Happily our lichens seem to need little assistance here, thanks entirely (I presume) to the clean Herefordshire air and lashings of westerly rains. More trees were felled here this week - three elderly fruit trees, plus an extremely sprightly young poplar with designs on our drains - and the old pear and plum trees were covered in an extraordinary array of ancient flora. I know little about lichens, but find the range of colours and shapes extraordinary - like looking underwater at a bed of corals. The Lake District was the last place I had seen an array like these - feel as if we could happily feed the odd reindeer or two with the quantities here.
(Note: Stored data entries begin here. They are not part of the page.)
(* Let $G$ be a graph and let $S$ be a dual general position set of $G$. Then the central vertex of any induced subgraph of $G$ isomorphic to $K_{1,3}$ does not belong to $S$.
   Context: For $S\subseteq V(G)$, two vertices $u,v$ are $S$-positionable if every shortest $u,v$-path $P$ satisfies $V(P)\cap S\subseteq\{u,v\}$. $S$ is a general position set if every two vertices of $S$ are $S$-positionable, and $S$ is a dual general position set if it is a general position set and every two vertices $u,v\in V(G)\setminus S$ are $S$-positionable. *)

theory Defs
  imports Main
begin

definition simple_graph :: "'a set \<Rightarrow> ('a \<Rightarrow> 'a \<Rightarrow> bool) \<Rightarrow> bool" where
  "simple_graph V E \<longleftrightarrow> finite V \<and> (\<forall>u v. E u v \<longrightarrow> u \<in> V \<and> v \<in> V)
     \<and> (\<forall>u v. E u v \<longrightarrow> E v u) \<and> (\<forall>v. \<not> E v v)"

definition is_path :: "'a set \<Rightarrow> ('a \<Rightarrow> 'a \<Rightarrow> bool) \<Rightarrow> 'a list \<Rightarrow> 'a \<Rightarrow> 'a \<Rightarrow> bool" where
  "is_path V E P u v \<longleftrightarrow> P \<noteq> [] \<and> hd P = u \<and> last P = v \<and> distinct P \<and> set P \<subseteq> V
     \<and> (\<forall>i. i + 1 < length P \<longrightarrow> E (P ! i) (P ! (i + 1)))"

definition shortest_path :: "'a set \<Rightarrow> ('a \<Rightarrow> 'a \<Rightarrow> bool) \<Rightarrow> 'a list \<Rightarrow> 'a \<Rightarrow> 'a \<Rightarrow> bool" where
  "shortest_path V E P u v \<longleftrightarrow> is_path V E P u v
     \<and> (\<forall>Q. is_path V E Q u v \<longrightarrow> length P \<le> length Q)"

definition S_positionable :: "'a set \<Rightarrow> ('a \<Rightarrow> 'a \<Rightarrow> bool) \<Rightarrow> 'a set \<Rightarrow> 'a \<Rightarrow> 'a \<Rightarrow> bool" where
  "S_positionable V E S u v \<longleftrightarrow>
     (\<forall>P. shortest_path V E P u v \<longrightarrow> set P \<inter> S \<subseteq> {u, v})"

definition general_position_set :: "'a set \<Rightarrow> ('a \<Rightarrow> 'a \<Rightarrow> bool) \<Rightarrow> 'a set \<Rightarrow> bool" where
  "general_position_set V E S \<longleftrightarrow> S \<subseteq> V \<and>
     (\<forall>u\<in>S. \<forall>v\<in>S. u \<noteq> v \<longrightarrow> S_positionable V E S u v)"

definition dual_general_position_set :: "'a set \<Rightarrow> ('a \<Rightarrow> 'a \<Rightarrow> bool) \<Rightarrow> 'a set \<Rightarrow> bool" where
  "dual_general_position_set V E S \<longleftrightarrow> general_position_set V E S \<and>
     (\<forall>u\<in>V - S. \<forall>v\<in>V - S. u \<noteq> v \<longrightarrow> S_positionable V E S u v)"

definition induced_claw :: "'a set \<Rightarrow> ('a \<Rightarrow> 'a \<Rightarrow> bool) \<Rightarrow> 'a \<Rightarrow> 'a \<Rightarrow> 'a \<Rightarrow> 'a \<Rightarrow> bool" where
  "induced_claw V E x a b c \<longleftrightarrow> x \<in> V \<and> a \<in> V \<and> b \<in> V \<and> c \<in> V
     \<and> distinct [x, a, b, c]
     \<and> E x a \<and> E x b \<and> E x c \<and> \<not> E a b \<and> \<not> E a c \<and> \<not> E b c"

end

theory Submission
  imports Defs
begin

text \<open>Among the three leaves of a claw two lie on the same side of \<open>S\<close>, so the dual
general position property makes them \<open>S\<close>-positionable. These leaves are nonadjacent with
the centre as a common neighbour, hence the leaf--centre--leaf path is a shortest path
between them, and the centre, being an inner vertex of it, cannot lie in \<open>S\<close>.\<close>

lemma is_path_length_ge_3:
  assumes "is_path V E P u v" and "u \<noteq> v" and "\<not> E u v"
  shows "3 \<le> length P"
proof (rule ccontr)
  assume short: "\<not> 3 \<le> length P"
  have path: "P \<noteq> []" "hd P = u" "last P = v" "E (P ! 0) (P ! 1) \<or> length P < 2"
    using assms(1) unfolding is_path_def by auto
  with short consider w where "P = [w]" | w w' where "P = [w, w']"
    by (cases P rule: remdups_adj.cases) (auto simp: not_le)
  then show False
    using assms(2,3) path(2-4) by cases auto
qed

lemma shortest_path_through_common_neighbour:
  assumes "u \<in> V" "x \<in> V" "v \<in> V" and "distinct [u, x, v]"
    and "E u x" "E x v" and "\<not> E u v"
  shows "shortest_path V E [u, x, v] u v"
proof -
  have "E ([u, x, v] ! i) ([u, x, v] ! (i + 1))" if "i + 1 < 3" for i
    using that assms(5,6) by (cases i) (auto simp: less_Suc_eq)
  then have "is_path V E [u, x, v] u v"
    using assms(1-4) unfolding is_path_def by simp
  moreover have "length [u, x, v] \<le> length Q" if "is_path V E Q u v" for Q
    using is_path_length_ge_3[OF that] assms(4,7) by simp
  ultimately show ?thesis
    unfolding shortest_path_def by blast
qed

lemma dual_general_position_set_S_positionable:
  assumes "dual_general_position_set V E S"
    and "u \<in> V" "v \<in> V" "u \<noteq> v" and "u \<in> S \<longleftrightarrow> v \<in> S"
  shows "S_positionable V E S u v"
  using assms unfolding dual_general_position_set_def general_position_set_def by blast

lemma S_positionable_inner_vertex_notin:
  assumes "S_positionable V E S u v" and "shortest_path V E P u v"
    and "x \<in> set P" "x \<noteq> u" "x \<noteq> v"
  shows "x \<notin> S"
  using assms unfolding S_positionable_def by blast

lemma dual_general_position_set_common_neighbour_notin:
  assumes "dual_general_position_set V E S"
    and "u \<in> V" "x \<in> V" "v \<in> V" and "distinct [u, x, v]"
    and "E u x" "E x v" and "\<not> E u v" and "u \<in> S \<longleftrightarrow> v \<in> S"
  shows "x \<notin> S"
proof -
  have "S_positionable V E S u v"
    using dual_general_position_set_S_positionable[OF assms(1,2,4) _ assms(9)] assms(5) by simp
  then show ?thesis
    using S_positionable_inner_vertex_notin shortest_path_through_common_neighbour assms(2-8)
    by (metis distinct_length_2_or_more list.set_intros(1,2))
qed

theorem mainTheorem8:
  fixes V :: "'a set" and E :: "'a \<Rightarrow> 'a \<Rightarrow> bool" and S :: "'a set"
  assumes "simple_graph V E"
    and "dual_general_position_set V E S"
    and "induced_claw V E x a b c"
  shows "x \<notin> S"
proof -
  have claw: "x \<in> V" "a \<in> V" "b \<in> V" "c \<in> V" "distinct [x, a, b, c]"
    "E x a" "E x b" "E x c" "\<not> E a b" "\<not> E a c" "\<not> E b c"
    using assms(3) unfolding induced_claw_def by simp_all
  moreover have "E a x" "E b x"
    using assms(1) claw(6,7) unfolding simple_graph_def by blast+
  moreover consider "a \<in> S \<longleftrightarrow> b \<in> S" | "a \<in> S \<longleftrightarrow> c \<in> S" | "b \<in> S \<longleftrightarrow> c \<in> S"
    by blast
  ultimately show ?thesis
    using dual_general_position_set_common_neighbour_notin[OF assms(2)]
    by cases (metis distinct.simps(2) distinct_length_2_or_more)+
qed

end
Tree felling of course means logs. Or in this case, logs plus vast amounts of twiggy brash, as all the trees were 10-15m tall. Our agreement with the tree company was that the condemned specimens should be felled and sawn into ‘manageable pieces’. Not too sure whose measuring tape settled the ‘manageable’ criterion, but suffice to say Neil and my brother had to spend some considerable time with chainsaws reducing ‘manageable’ to ‘useable’. Fired by our determination not to waste anything, we decided also to save the twigs and ivy-encrusted smaller branches, all of which makes fantastic kindling. As the large wood store filled rapidly and the rain commenced, the reality of processing that much raw material sank in, and we opted instead to let twigs, branches and remaining logs season outside by the wall for a while. This is not all laziness on our part: accepted rural wisdom is a year seasoning the wood outdoors, a year under shelter drying, then in the third year you have perfect logs. Time - or rather the quality of our fires in 2021 - will tell.